↓

(* Let $E_1,E_2,E_3$ be pairwise disjoint (possibly empty) sets of edges on $\gamma_2$ with vertices in $[n]$. Suppose the edges of $E_1\cup E_2\cup E_3$ can be linearly ordered as $e_1,\dots,e_m$ such that: edges of $E_i$ come before edges of $E_j$ whenever $i<j$; for all $1\le i<j\le m$, either $e_i<_3e_j$ or $e_i$ and $e_j$ do not cross; and the edges of $E_2$ are pairwise non-crossing. Then there is a triangulation $T\in S(n,2)$ such that $e\le_3T$ for every $e\in E_1$, $e\in T$ for every $e\in E_2$, and $e\ge_3T$ (i.e. $T\le_3 e$) for every $e\in E_3$.
   Context: $\gamma_d=\{(t,t^2,\dots,t^d):t\in\mathbb{R}\}$. Fix $t_1<\dots<t_n$ and points $\gamma_2(t_i)$ identified with $i\in[n]$; $C(n,2)$ is their convex hull and $S(n,2)$ the set of triangulations of $C(n,2)$ with vertices in $[n]$. An edge is a 2-subset of $[n]$ identified with the segment it spans; two edges cross (overlap) if their segments meet outside their common vertices. For a simplex $\alpha\subseteq[n]$, $h_\alpha:\mathrm{conv}(\alpha)\to\mathbb{R}$ gives the last coordinate of the point of the convex hull of $\{\gamma_3(t_i):i\in\alpha\}$ projecting to $p$. $\alpha<_3\beta$ means $\alpha,\beta$ overlap and $h_\alpha\le h_\beta$ on $\mathrm{conv}(\alpha)\cap\mathrm{conv}(\beta)$. For $T\in S(n,2)$, $h_T(p)=h_\rho(p)$ for $p\in\mathrm{conv}(\rho)$, $\rho\in T$; $e\le_3T$ means $h_e\le h_T$ on $\mathrm{conv}(e)$, and $T\le_3e$ means $h_T\le h_e$ on $\mathrm{conv}(e)$. *)

theory Defs
  imports "HOL-Analysis.Analysis"
begin

text \<open>The parameters are t 1 < ... < t n, the point
  labelled i is gamma2 (t i) in the plane real \<times> real; its lift is gamma3 (t i),
  represented in (real \<times> real) \<times> real so that fst is the projection to the plane
  and snd is the last coordinate.\<close>

definition gamma2 :: "real \<Rightarrow> real \<times> real" where
  "gamma2 s = (s, s^2)"

definition gamma3 :: "real \<Rightarrow> (real \<times> real) \<times> real" where
  "gamma3 s = ((s, s^2), s^3)"

definition cnv :: "(nat \<Rightarrow> real) \<Rightarrow> nat set \<Rightarrow> (real \<times> real) set" where
  "cnv t \<alpha> = convex hull ((\<lambda>i. gamma2 (t i)) ` \<alpha>)"

definition hgt :: "(nat \<Rightarrow> real) \<Rightarrow> nat set \<Rightarrow> real \<times> real \<Rightarrow> real" where
  "hgt t \<alpha> p = (THE z. (p, z) \<in> convex hull ((\<lambda>i. gamma3 (t i)) ` \<alpha>))"

definition is_edge :: "nat \<Rightarrow> nat set \<Rightarrow> bool" where
  "is_edge n e \<longleftrightarrow> e \<subseteq> {1..n} \<and> card e = 2"

text \<open>Two simplices overlap (for edges: cross) if their convex hulls meet outside
  their common vertices.\<close>
definition overlap :: "(nat \<Rightarrow> real) \<Rightarrow> nat set \<Rightarrow> nat set \<Rightarrow> bool" where
  "overlap t \<alpha> \<beta> \<longleftrightarrow>
     (\<exists>p \<in> cnv t \<alpha> \<inter> cnv t \<beta>. p \<notin> (\<lambda>i. gamma2 (t i)) ` (\<alpha> \<inter> \<beta>))"

definition less3 :: "(nat \<Rightarrow> real) \<Rightarrow> nat set \<Rightarrow> nat set \<Rightarrow> bool" where
  "less3 t \<alpha> \<beta> \<longleftrightarrow> overlap t \<alpha> \<beta> \<and>
     (\<forall>p \<in> cnv t \<alpha> \<inter> cnv t \<beta>. hgt t \<alpha> p \<le> hgt t \<beta> p)"

text \<open>S(n,2): triangulations of C(n,2) with vertices in [n], given by their set of
  maximal (full-dimensional) simplices: affinely independent, covering C(n,2), and
  intersecting properly (the intersection of two is a common face).\<close>
definition triangulation :: "nat \<Rightarrow> (nat \<Rightarrow> real) \<Rightarrow> nat set set \<Rightarrow> bool" where
  "triangulation n t T \<longleftrightarrow>
     (\<forall>\<rho>\<in>T. \<rho> \<subseteq> {1..n} \<and> card \<rho> = min n 3 \<and>
              \<not> affine_dependent ((\<lambda>i. gamma2 (t i)) ` \<rho>)) \<and>
     (\<Union>\<rho>\<in>T. cnv t \<rho>) = cnv t {1..n} \<and>
     (\<forall>\<rho>\<in>T. \<forall>\<sigma>\<in>T. cnv t \<rho> \<inter> cnv t \<sigma> = cnv t (\<rho> \<inter> \<sigma>))"

definition edge_in :: "nat set \<Rightarrow> nat set set \<Rightarrow> bool" where
  "edge_in e T \<longleftrightarrow> (\<exists>\<rho>\<in>T. e \<subseteq> \<rho>)"

definition hT :: "(nat \<Rightarrow> real) \<Rightarrow> nat set set \<Rightarrow> real \<times> real \<Rightarrow> real" where
  "hT t T p = hgt t (SOME \<rho>. \<rho> \<in> T \<and> p \<in> cnv t \<rho>) p"

definition le3_edge_tri :: "(nat \<Rightarrow> real) \<Rightarrow> nat set \<Rightarrow> nat set set \<Rightarrow> bool" where
  "le3_edge_tri t e T \<longleftrightarrow> (\<forall>p \<in> cnv t e. hgt t e p \<le> hT t T p)"

definition le3_tri_edge :: "(nat \<Rightarrow> real) \<Rightarrow> nat set set \<Rightarrow> nat set \<Rightarrow> bool" where
  "le3_tri_edge t T e \<longleftrightarrow> (\<forall>p \<in> cnv t e. hT t T p \<le> hgt t e p)"

end

theory Submission
  imports Defs
begin

text \<open>The points gamma2 (t i) are in convex position, so a triangulation of C(n,2) is a
  triangulation of the convex polygon 1, ..., n, and two edges cross exactly when their end
  points interleave, a < c < b < d. At the crossing point the lift of {a, b} lies below that
  of {c, d}, so the ordering hypothesis says: no edge of E2 or E3 passes below an edge of E1,
  no edge of E3 passes below an edge of E2, and E2 is non-crossing.

  Call a diagonal blocked if it passes below an edge of E1, above an edge of E3, or crosses an
  edge of E2. The edge {1, n} is not blocked, and whenever {i, j} is not blocked, the least m > i
  for which {m, j} is unblocked also leaves {i, m} unblocked. Recursing on both sides gives a
  triangulation T without blocked edges, and it contains E2.

  Heights are compared with cubics. Over an edge {u, v}, the difference between the plane
  through a lifted triangle {a, b, c} of T and the lifted edge is an affine function whose
  value at a vertex s of the triangle is (s - u) (s - v) (s - w), for a parameter w that we
  may choose freely. Since no edge of the triangle passes below {u, v} if {u, v} is in E1,
  some w makes these three values nonnegative, and then the difference is nonnegative on the
  whole triangle. The case of E3 is symmetric.\<close>

section \<open>Affine functions over the parabola\<close>

definition aff :: "real \<Rightarrow> real \<Rightarrow> real \<Rightarrow> real \<times> real \<Rightarrow> real" where
  "aff c0 c1 c2 p = c0 + c1 * fst p + c2 * snd p"

lemma aff_gamma2 [simp]: "aff c0 c1 c2 (gamma2 s) = c0 + c1 * s + c2 * s^2"
  by (simp add: aff_def gamma2_def)

lemma aff_diff: "aff c0 c1 c2 p - aff d0 d1 d2 p = aff (c0 - d0) (c1 - d1) (c2 - d2) p"
  by (simp add: aff_def algebra_simps)

lemma aff_minus: "- aff c0 c1 c2 p = aff (- c0) (- c1) (- c2) p"
  by (simp add: aff_def)

lemma aff_convex_combination:
  assumes "u + v = 1"
  shows "aff c0 c1 c2 (u *\<^sub>R p + v *\<^sub>R q) = u * aff c0 c1 c2 p + v * aff c0 c1 c2 q"
proof -
  have "c0 = u * c0 + v * c0" using assms by (metis distrib_right mult_1)
  then show ?thesis by (simp add: aff_def algebra_simps)
qed

lemma convex_aff_nonneg: "convex {p. 0 \<le> aff c0 c1 c2 p}"
proof -
  have "{p. 0 \<le> aff c0 c1 c2 p} = {p. inner (c1, c2) p \<ge> - c0}"
    by (auto simp: aff_def inner_prod_def)
  then show ?thesis by (simp add: convex_halfspace_ge)
qed

lemma cnv_mono: "\<alpha> \<subseteq> \<beta> \<Longrightarrow> cnv t \<alpha> \<subseteq> cnv t \<beta>"
  unfolding cnv_def by (intro hull_mono image_mono)

lemma cnv_empty [simp]: "cnv t {} = {}"
  by (simp add: cnv_def)

lemma cnv_singleton [simp]: "cnv t {k} = {gamma2 (t k)}"
  by (simp add: cnv_def)

lemma cnv_pair: "cnv t {a, b} = closed_segment (gamma2 (t a)) (gamma2 (t b))"
  by (simp add: cnv_def segment_convex_hull)

lemma aff_nonneg_on_cnv:
  assumes "\<forall>k\<in>\<alpha>. 0 \<le> aff c0 c1 c2 (gamma2 (t k))" "p \<in> cnv t \<alpha>"
  shows "0 \<le> aff c0 c1 c2 p"
proof -
  have "cnv t \<alpha> \<subseteq> {p. 0 \<le> aff c0 c1 c2 p}"
    unfolding cnv_def by (rule hull_minimal) (use assms(1) convex_aff_nonneg in auto)
  then show ?thesis using assms(2) by auto
qed

lemma aff_nonpos_on_cnv:
  assumes "\<forall>k\<in>\<alpha>. aff c0 c1 c2 (gamma2 (t k)) \<le> 0" "p \<in> cnv t \<alpha>"
  shows "aff c0 c1 c2 p \<le> 0"
proof -
  have "0 \<le> aff (- c0) (- c1) (- c2) p"
    by (rule aff_nonneg_on_cnv[OF _ assms(2)])
      (use assms(1) in \<open>simp flip: aff_minus del: aff_gamma2\<close>)
  then show ?thesis by (simp flip: aff_minus)
qed

lemma aff_le_on_cnv:
  assumes "\<forall>k\<in>\<alpha>. aff c0 c1 c2 (gamma2 (t k)) \<le> aff d0 d1 d2 (gamma2 (t k))" "p \<in> cnv t \<alpha>"
  shows "aff c0 c1 c2 p \<le> aff d0 d1 d2 p"
proof -
  have "0 \<le> aff (d0 - c0) (d1 - c1) (d2 - c2) p"
    by (rule aff_nonneg_on_cnv[OF _ assms(2)])
      (use assms(1) in \<open>simp flip: aff_diff del: aff_gamma2\<close>)
  then show ?thesis by (simp flip: aff_diff)
qed

lemma hgt_eq_aff:
  assumes "\<forall>k\<in>\<alpha>. aff c0 c1 c2 (gamma2 (t k)) = t k ^ 3" "p \<in> cnv t \<alpha>"
  shows "hgt t \<alpha> p = aff c0 c1 c2 p"
proof -
  let ?A = "aff c0 c1 c2"
  let ?C = "convex hull ((\<lambda>i. gamma3 (t i)) ` \<alpha>)"
  have lift: "gamma3 (t k) = (gamma2 (t k), ?A (gamma2 (t k)))" if "k \<in> \<alpha>" for k
    using assms(1) that by (simp add: gamma3_def gamma2_def)
  have "convex {w. snd w = ?A (fst w)}"
    unfolding convex_def by (auto simp: aff_convex_combination)
  then have graph: "?C \<subseteq> {w. snd w = ?A (fst w)}"
    by (rule hull_minimal[rotated]) (auto simp: lift)
  have "convex {q. (q, ?A q) \<in> ?C}"
  proof (rule convexI)
    fix x y :: "real \<times> real" and u v :: real
    assume h: "x \<in> {q. (q, ?A q) \<in> ?C}" "y \<in> {q. (q, ?A q) \<in> ?C}" "0 \<le> u" "0 \<le> v" "u + v = 1"
    have "u *\<^sub>R (x, ?A x) + v *\<^sub>R (y, ?A y) \<in> ?C"
      by (rule convexD[OF convex_convex_hull]) (use h in simp_all)
    then show "u *\<^sub>R x + v *\<^sub>R y \<in> {q. (q, ?A q) \<in> ?C}"
      using h(5) by (simp add: aff_convex_combination)
  qed
  moreover have "(\<lambda>i. gamma2 (t i)) ` \<alpha> \<subseteq> {q. (q, ?A q) \<in> ?C}"
  proof (rule image_subsetI)
    fix k assume "k \<in> \<alpha>"
    then have "gamma3 (t k) \<in> ?C" by (simp add: hull_inc)
    then show "gamma2 (t k) \<in> {q. (q, ?A q) \<in> ?C}"
      using lift[OF \<open>k \<in> \<alpha>\<close>] by (simp del: aff_gamma2)
  qed
  ultimately have "cnv t \<alpha> \<subseteq> {q. (q, ?A q) \<in> ?C}"
    unfolding cnv_def by (intro hull_minimal)
  then have "(p, ?A p) \<in> ?C" using assms(2) by auto
  then show ?thesis
    unfolding hgt_def by (rule the_equality) (use graph in auto)
qed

↑

Your task is to list each line of the records with the word "unfolding".

  unfolding cnv_def by (intro hull_mono image_mono)
    unfolding cnv_def by (rule hull_minimal) (use assms(1) convex_aff_nonneg in auto)
    unfolding convex_def by (auto simp: aff_convex_combination)
    unfolding cnv_def by (intro hull_minimal)
    unfolding hgt_def by (rule the_equality) (use graph in auto)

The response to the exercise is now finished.